I have a dataframe with the following data:
df = pd.DataFrame({'col1': ['A', 'A', 'B', 'B', 'C', 'C'],
'col2': ['action1', 'action2', 'action1', 'action3', 'action1', 'action2']})
which looks like
col1, col2
A , action1
A , action2
B , action1
B , action3
C , action1
C , action2
Now since A and C both have action1 and action2. Group them together. B will be a separate group. So i want to generate a data frame below:
col1, col2
A, C, action1, action2
B , action1, action3
How can I achieve this?
CodePudding user response:
If ordering per groups is same in col2 is possible aggregate join per col1 and then per joined columns:
df = df.groupby('col1')['col2'].agg(', '.join).reset_index()
df = df.groupby('col2')['col1'].agg(', '.join).reset_index()[['col1','col2']]
print (df)
col1 col2
0 A, C action1, action2
1 B action1, action3
Or if ordering should be different use frozenset:
df = df.groupby('col1')['col2'].agg(frozenset).reset_index()

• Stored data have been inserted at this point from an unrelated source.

(* Let $n\ge 2$ and let $U$ be the transition matrix of the Grover walk on the complete graph $K_n$. Then there is a real scalar $t$ such that $U^2=\exp\big(t\,S(\mathrm{LD}(K_n))\big)$.
   Context: For a $k$-regular graph $X$, each edge $\{a,b\}$ is replaced by arcs $(a,b)$ and $(b,a)$. The line digraph $\mathrm{LD}(X)$ has the arcs as vertices, with an arc from $(a,b)$ to $(c,d)$ iff $b=c$; $A(\mathrm{LD}(X))$ is its $01$-adjacency matrix. $R$ is the permutation matrix on arcs mapping $(a,b)$ to $(b,a)$. The transition matrix of the Grover walk is $U=\frac{2}{k}A(\mathrm{LD}(X))-R$ (here $k=n-1$). For a digraph $Z$ with $01$-adjacency matrix $A(Z)$, its skew-adjacency matrix is $S(Z)=A(Z)-A(Z)^T$. *)

theory Defs
  imports Complex_Main
begin

text \<open>Matrices indexed by a finite set I of indices are represented as functions
  'i \<Rightarrow> 'i \<Rightarrow> real which vanish outside I \<times> I.\<close>

definition mmult :: "'i set \<Rightarrow> ('i \<Rightarrow> 'i \<Rightarrow> real) \<Rightarrow> ('i \<Rightarrow> 'i \<Rightarrow> real) \<Rightarrow> 'i \<Rightarrow> 'i \<Rightarrow> real" where
  "mmult I A B = (\<lambda>x y. \<Sum>z\<in>I. A x z * B z y)"

definition mident :: "'i set \<Rightarrow> 'i \<Rightarrow> 'i \<Rightarrow> real" where
  "mident I = (\<lambda>x y. if x \<in> I \<and> x = y then 1 else 0)"

fun mpow :: "'i set \<Rightarrow> ('i \<Rightarrow> 'i \<Rightarrow> real) \<Rightarrow> nat \<Rightarrow> 'i \<Rightarrow> 'i \<Rightarrow> real" where
  "mpow I A 0 = mident I"
| "mpow I A (Suc k) = mmult I (mpow I A k) A"

definition mexp :: "'i set \<Rightarrow> ('i \<Rightarrow> 'i \<Rightarrow> real) \<Rightarrow> 'i \<Rightarrow> 'i \<Rightarrow> real" where
  "mexp I A = (\<lambda>x y. (\<Sum>k. mpow I A k x y / fact k))"

text \<open>A graph is given by a vertex set V and a symmetric edge relation E;
  arcs are the ordered pairs (a,b) with {a,b} an edge.\<close>
definition arcs :: "'a set \<Rightarrow> ('a \<Rightarrow> 'a \<Rightarrow> bool) \<Rightarrow> ('a \<times> 'a) set" where
  "arcs V E = {(a,b). a \<in> V \<and> b \<in> V \<and> E a b}"

definition LD_adj :: "'a set \<Rightarrow> ('a \<Rightarrow> 'a \<Rightarrow> bool) \<Rightarrow> ('a \<times> 'a) \<Rightarrow> ('a \<times> 'a) \<Rightarrow> real" where
  "LD_adj V E = (\<lambda>x y. if x \<in> arcs V E \<and> y \<in> arcs V E \<and> snd x = fst y then 1 else 0)"

definition arc_rev :: "'a set \<Rightarrow> ('a \<Rightarrow> 'a \<Rightarrow> bool) \<Rightarrow> ('a \<times> 'a) \<Rightarrow> ('a \<times> 'a) \<Rightarrow> real" where
  "arc_rev V E = (\<lambda>x y. if x \<in> arcs V E \<and> y \<in> arcs V E \<and> y = (snd x, fst x) then 1 else 0)"

text \<open>Grover walk transition matrix U = (2/k) A(LD(X)) - R for a k-regular graph.\<close>
definition grover :: "real \<Rightarrow> 'a set \<Rightarrow> ('a \<Rightarrow> 'a \<Rightarrow> bool) \<Rightarrow> ('a \<times> 'a) \<Rightarrow> ('a \<times> 'a) \<Rightarrow> real" where
  "grover k V E = (\<lambda>x y. 2 / k * LD_adj V E x y - arc_rev V E x y)"

definition skew :: "('i \<Rightarrow> 'i \<Rightarrow> real) \<Rightarrow> 'i \<Rightarrow> 'i \<Rightarrow> real" where
  "skew A = (\<lambda>x y. A x y - A y x)"

definition Kn_V :: "nat \<Rightarrow> nat set" where "Kn_V n = {0..<n}"
definition Kn_E :: "nat \<Rightarrow> nat \<Rightarrow> bool" where "Kn_E a b = (a \<noteq> b)"

end

theory Submission
  imports Defs
begin

text \<open>Write \<open>k = n - 1\<close> and let \<open>S\<close> be the skew-adjacency matrix of \<open>LD(K\<^sub>n)\<close>.
  Counting paths of length two and three between arcs gives \<open>S\<^sup>3 = -(k\<^sup>2 - 1) S\<close> and
  \<open>U\<^sup>2 = I - (2/k\<^sup>2) S + (2/k\<^sup>2) S\<^sup>2\<close>. As for rotations in three dimensions, a matrix with
  \<open>S\<^sup>3 = -s\<^sup>2 S\<close> satisfies Rodrigues' formula
  \<open>exp ((\<theta>/s) S) = I + (sin \<theta> / s) S + ((1 - cos \<theta>) / s\<^sup>2) S\<^sup>2\<close>. With \<open>s\<^sup>2 = k\<^sup>2 - 1\<close>,
  the coefficients of \<open>U\<^sup>2\<close> are matched by the angle of the point
  \<open>((1 - s\<^sup>2)/(1 + s\<^sup>2), -2s/(1 + s\<^sup>2))\<close> of the unit circle. For \<open>n = 2\<close> the matrix \<open>S\<close>
  vanishes and \<open>U\<^sup>2 = I\<close>.\<close>

definition vanishes_outside :: "'i set \<Rightarrow> ('i \<Rightarrow> 'i \<Rightarrow> real) \<Rightarrow> bool" where
  "vanishes_outside I A \<longleftrightarrow> (\<forall>x y. x \<notin> I \<or> y \<notin> I \<longrightarrow> A x y = 0)"

lemma vanishes_outside_mident: "vanishes_outside I (mident I)"
  by (simp add: vanishes_outside_def mident_def)

lemma vanishes_outside_mmult:
  "vanishes_outside I A \<Longrightarrow> vanishes_outside I B \<Longrightarrow> vanishes_outside I (mmult I A B)"
  by (auto simp: vanishes_outside_def mmult_def)

lemma matrix_eqI:
  assumes "vanishes_outside I A" "vanishes_outside I B"
    and "\<And>x y. x \<in> I \<Longrightarrow> y \<in> I \<Longrightarrow> A x y = B x y"
  shows "A = B"
  using assms unfolding vanishes_outside_def by (metis ext)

df = (df.groupby('col2')['col1']
.agg(', '.join)
.rename(lambda x: ', '.join(x)).reset_index()[['col1','col2']])
print (df)
col1 col2
0 A, C action2, action1
1 B action1, action3
print (df)
col1 col2
0 A action1
1 A action2
2 B action1
3 B action3
4 C action2 <-changed order
5 C action1 <-changed order
df = df.groupby('col1')['col2'].agg(frozenset).reset_index()
df = (df.groupby('col2')['col1']
.agg(', '.join)
.rename(lambda x: ', '.join(x)).reset_index()[['col1','col2']])
print (df)
col1 col2
0 A, C action2, action1
1 B action1, action3
CodePudding user response:
Use groupby twice. Once to join col2 by col1 and then later to join col1 by the joined col2.
srs = df.groupby('col1')['col2'].apply(','.join)
srs = pd.Series(srs.index, index=srs)
out = srs.groupby(level=0).apply(','.join)
out = pd.Series(out.index, index=out).to_frame().reset_index()
Output:
col1 col2
0 A,C action1,action2
1 B action1,action3